Gerhardsson Lars, Gillström Lennart, Hagberg Mats
Occupational and Environmental Medicine, Sahlgrenska Academy and University Hospital, University of Gothenburg, Medicinaregatan 16, Box 414, SE-405 30 Gothenburg, Sweden.
Company Health Service, Volvo Powertrain Corporation, SE-541 36 Skovde, Sweden.
J Occup Med Toxicol. 2014 Nov 11;9(1):38. doi: 10.1186/s12995-014-0038-1. eCollection 2014.

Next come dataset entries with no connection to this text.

theorem theorem23:
  fixes E1 E2 E3 H1 H2 H3 :: "'w set" and x1 x2 x3 :: real
  assumes indep: "logically_independent [E1, E2, E3, H1, H2, H3]"
    and H1: "H1 \<noteq> {}" and H2: "H2 \<noteq> {}" and H3: "H3 \<noteq> {}"
    and x1: "x1 \<in> {0..1}" and x2: "x2 \<in> {0..1}" and x3: "x3 \<in> {0..1}"
  shows "coherent
           [(ind E1, H1, x1), (ind E2, H2, x2), (ind E3, H3, x3),
            (conj2 E1 H1 x1 E2 H2 x2 (x1 * x2), H1 \<union> H2, x1 * x2),
            (conj2 E1 H1 x1 E3 H3 x3 (x1 * x3), H1 \<union> H3, x1 * x3),
            (conj2 E2 H2 x2 E3 H3 x3 (x2 * x3), H2 \<union> H3, x2 * x3),
            (conj3 E1 H1 E2 H2 E3 H3 x1 x2 x3 (x1 * x2) (x1 * x3) (x2 * x3) (x1 * x2 * x3),
               H1 \<union> H2 \<union> H3, x1 * x2 * x3)]
       \<and> (\<forall>w. conj2 E1 H1 x1 E2 H2 x2 (x1 * x2) w = cev E1 H1 x1 w * cev E2 H2 x2 w)
       \<and> (\<forall>w. conj2 E1 H1 x1 E3 H3 x3 (x1 * x3) w = cev E1 H1 x1 w * cev E3 H3 x3 w)
       \<and> (\<forall>w. conj2 E2 H2 x2 E3 H3 x3 (x2 * x3) w = cev E2 H2 x2 w * cev E3 H3 x3 w)
       \<and> (\<forall>w. conj3 E1 H1 E2 H2 E3 H3 x1 x2 x3 (x1 * x2) (x1 * x3) (x2 * x3) (x1 * x2 * x3) w
               = cev E1 H1 x1 w * cev E2 H2 x2 w * cev E3 H3 x3 w)"
  (is "coherent ?F \<and> _")
proof -
  have "coherent ?F"
  proof (rule coherent_if_monomials3[OF _ _ _ x1 x2 x3])
    fix u v t :: real
    assume "u \<in> {0,1}" "v \<in> {0,1}" "t \<in> {0,1}"
    with indep obtain w where "w \<in> H1 \<inter> H2 \<inter> H3"
      "cev E1 H1 x1 w = u \<and> cev E2 H2 x2 w = v \<and> cev E3 H3 x3 w = t"
      by (metis logically_independent_vertex)
    then show "\<exists>w\<in>(\<Union>i<length ?F. fst (snd (?F ! i))).
        cev E1 H1 x1 w = u \<and> cev E2 H2 x2 w = v \<and> cev E3 H3 x3 w = t"
      by (intro bexI[of _ w] UN_I[of 0]) auto
  qed (simp_all add: monomials3_def cond_rq_ind cond_rq_conj2 cond_rq_conj3
        conj2_eq_cev_mult conj3_eq_cev_mult)
  then show ?thesis by (simp add: conj2_eq_cev_mult conj3_eq_cev_mult)
qed

end
text \<open>The gauge of \<open>D\<close> relative to \<open>Q\<close>: as \<open>Q \<ge> 1\<close> on \<open>D\<close>, translating by \<open>t d\<close> costs at
  least \<open>t\<close>, so the infimum is finite.\<close>

lemma sublinear_gauge:
  fixes D :: "('a::real_normed_vector \<Rightarrow>\<^sub>L real) set"
  assumes Q: "sublinear Q" and D: "convex D" "D \<noteq> {}"
    and gap: "\<And>d. d \<in> D \<Longrightarrow> 1 \<le> Q (blinfun_apply d)"
  defines "p \<equiv> \<lambda>x. INF (t, d)\<in>{0..} \<times> D. Q (\<lambda>v. x v + t * blinfun_apply d v) - t"
  shows "sublinear p" and "d \<in> D \<Longrightarrow> p (\<lambda>v. - d v) \<le> -1"
proof -
  define H where "H x = (\<lambda>(t, d). Q (\<lambda>v. x v + t * blinfun_apply d v) - t)" for x
  have p_eq: "p = (\<lambda>x. INF z\<in>{0..} \<times> D. H x z)"
    unfolding p_def H_def ..
  have "- Q (\<lambda>v. - x v) \<le> H x (t, d)" if "0 \<le> t" "d \<in> D" for x t d
  proof -
    have "t \<le> t * Q (blinfun_apply d)" using mult_left_mono[OF gap[OF that(2)] that(1)] by simp
    also have "\<dots> = Q (\<lambda>v. t * d v)" using sublinear_pos_homogeneous[OF Q that(1)] by simp
    also have "\<dots> = Q (\<lambda>v. (x v + t * d v) + - x v)" by simp
    also have "\<dots> \<le> Q (\<lambda>v. x v + t * d v) + Q (\<lambda>v. - x v)" by (rule sublinear_add[OF Q])
    finally show ?thesis unfolding H_def by simp
  qed
  then have bdd: "bdd_below (H x ` ({0..} \<times> D))" for x
    by (intro bdd_belowI2) auto
  have add: "\<exists>r\<in>{0..} \<times> D. H (\<lambda>v. x v + y v) r \<le> H x z + H y z'"
    if "z \<in> {0..} \<times> D" "z' \<in> {0..} \<times> D" for x y z z'
  proof -
    obtain s a t b where z: "z = (s, a)" "z' = (t, b)"
      by fastforce
    with that have st: "0 \<le> s" "0 \<le> t" "a \<in> D" "b \<in> D"
      by auto
    obtain d where "d \<in> D" and d: "(s + t) *\<^sub>R d = s *\<^sub>R a + t *\<^sub>R b"
      using convex_scaled_combination[OF D(1) st(3,4,1,2)] .
    have "(s + t) * d v = s * a v + t * b v" for v
      using arg_cong[OF d, of "\<lambda>\<phi>. blinfun_apply \<phi> v"]
      by (simp add: blinfun.add_left blinfun.scaleR_left)
    then have "H (\<lambda>v. x v + y v) (s + t, d) = Q (\<lambda>v. (x v + s * a v) + (y v + t * b v)) - (s + t)"
      unfolding H_def by (simp add: algebra_simps)
    also have "\<dots> \<le> H x z + H y z'"
      unfolding H_def z using sublinear_add[OF Q, of "\<lambda>v. x v + s * a v" "\<lambda>v. y v + t * b v"]
      by simp
    finally show ?thesis using \<open>d \<in> D\<close> st by (intro bexI[of _ "(s + t, d)"]) auto
  qed
  have scale: "\<exists>r\<in>{0..} \<times> D. H (\<lambda>v. c * x v) r \<le> c * H x z"
    if "0 < c" "z \<in> {0..} \<times> D" for c x z
  proof -
    obtain t d where z: "z = (t, d)"
      by fastforce
    with that(2) have td: "0 \<le> t" "d \<in> D"
      by auto
    have "H (\<lambda>v. c * x v) (c * t, d) = Q (\<lambda>v. c * (x v + t * d v)) - c * t"
      unfolding H_def by (simp add: algebra_simps)
    also have "\<dots> = c * H x z"
      unfolding H_def z using sublinear_pos_homogeneous[OF Q, of c "\<lambda>v. x v + t * d v"] that(1)
      by (simp add: algebra_simps)
    finally show ?thesis using td that(1) by (intro bexI[of _ "(c * t, d)"]) auto
  qed
  show "sublinear p"
    unfolding p_eq using D(2) bdd add scale by (intro sublinear_INF) auto
  show "p (\<lambda>v. - d v) \<le> -1" if "d \<in> D"
    using cINF_lower[OF bdd, of "(1, d)" "\<lambda>v. - d v"] that sublinear_zero[OF Q]
    unfolding p_eq H_def by simp
qed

Exposure to hand-held vibrating tools may cause the hand-arm vibration syndrome (HAVS). The aim was to study the test-retest reliability of hand and muscle strength tests, and tests for the determination of thermal and vibration perception thresholds, which are used when investigating signs of neuropathy in vibration exposed workers.
In this study, 47 vibration exposed workers who had been investigated at the department of Occupational and Environmental Medicine in Gothenburg were compared with a randomized sample of 18 unexposed subjects from the general population of the city of Gothenburg. All participants passed a structured interview, answered several questionnaires and had a physical examination including hand and finger muscle strength tests, determination of vibrotactile (VPT) and thermal perception thresholds (TPT). Two weeks later, 23 workers and referents, selected in a randomized manner, were called back for the same test-procedures for the evaluation of test-retest reliability.
The test-retest reliability after a two week interval expressed as limits of agreement (LOA; Bland-Altman), intra-class correlation coefficients (ICC) and Pearson correlation coefficients was excellent for tests with the Baseline hand grip, Pinch-grip and 3-Chuck grip among the exposed workers and referents (N = 23: percentage of differences within LOA 91 - 100%; ICC-values ≥0.93; Pearson r ≥0.93). The test-retest reliability was also excellent (percentage of differences within LOA 96-100 %) for the determination of vibration perception thresholds in digits 2 and 5 bilaterally as well as for temperature perception thresholds in digits 2 and 5, bilaterally (percentage of differences within LOA 91 - 96%). For ICC and Pearson r the results for vibration perception thresholds were good for digit 2, left hand and for digit 5, bilaterally (ICC ≥ 0.84; r ≥0.85), and lower (ICC = 0.59; r = 0.59) for digit 2, right hand. For the latter two indices the test-retest reliability for the determination of temperature thresholds was lower and showed more varying results.
The strong test-retest reliability for hand and muscle strength tests as well as for the determination of VPTs makes these procedures useful for diagnostic purposes and follow-up studies in vibration exposed workers.
接触手持式振动工具可能会导致手臂振动综合征(HAVS)。目的是研究手部和肌肉力量测试以及用于确定热觉和振动觉阈值的测试的重测信度,这些测试在调查振动暴露工人的神经病变迹象时使用。
在本研究中,将47名曾在哥德堡职业与环境医学科接受检查的振动暴露工人与从哥德堡市普通人群中随机抽取的18名未暴露受试者进行比较。所有参与者都通过了结构化访谈,回答了几份问卷,并进行了体格检查,包括手部和手指肌肉力量测试、振动觉(VPT)和热觉阈值(TPT)的测定。两周后,随机挑选23名工人和对照者回来进行相同的测试程序,以评估重测信度。
以一致性界限(LOA;Bland-Altman)、组内相关系数(ICC)和Pearson相关系数表示的两周间隔后的重测信度,对于暴露工人和对照者(N = 23)的基线握力、捏力和三指握力测试非常好(LOA内差异百分比为91 - 100%;ICC值≥0.93;Pearson r≥0.93)。双侧第2和第5指的振动觉阈值测定以及双侧第2和第5指的温度觉阈值测定的重测信度也非常好(LOA内差异百分比为96 - 100%)。对于ICC和Pearson r,第2指左手和第5指双侧的振动觉阈值结果良好(ICC≥0.84;r≥0.85),而第2指右手的结果较低(ICC = 0.59;r = 0.59)。对于后两个指标,温度阈值测定的重测信度较低,结果变化更大。
手部和肌肉力量测试以及VPT测定的强大重测信度使这些程序可用于振动暴露工人的诊断目的和随访研究。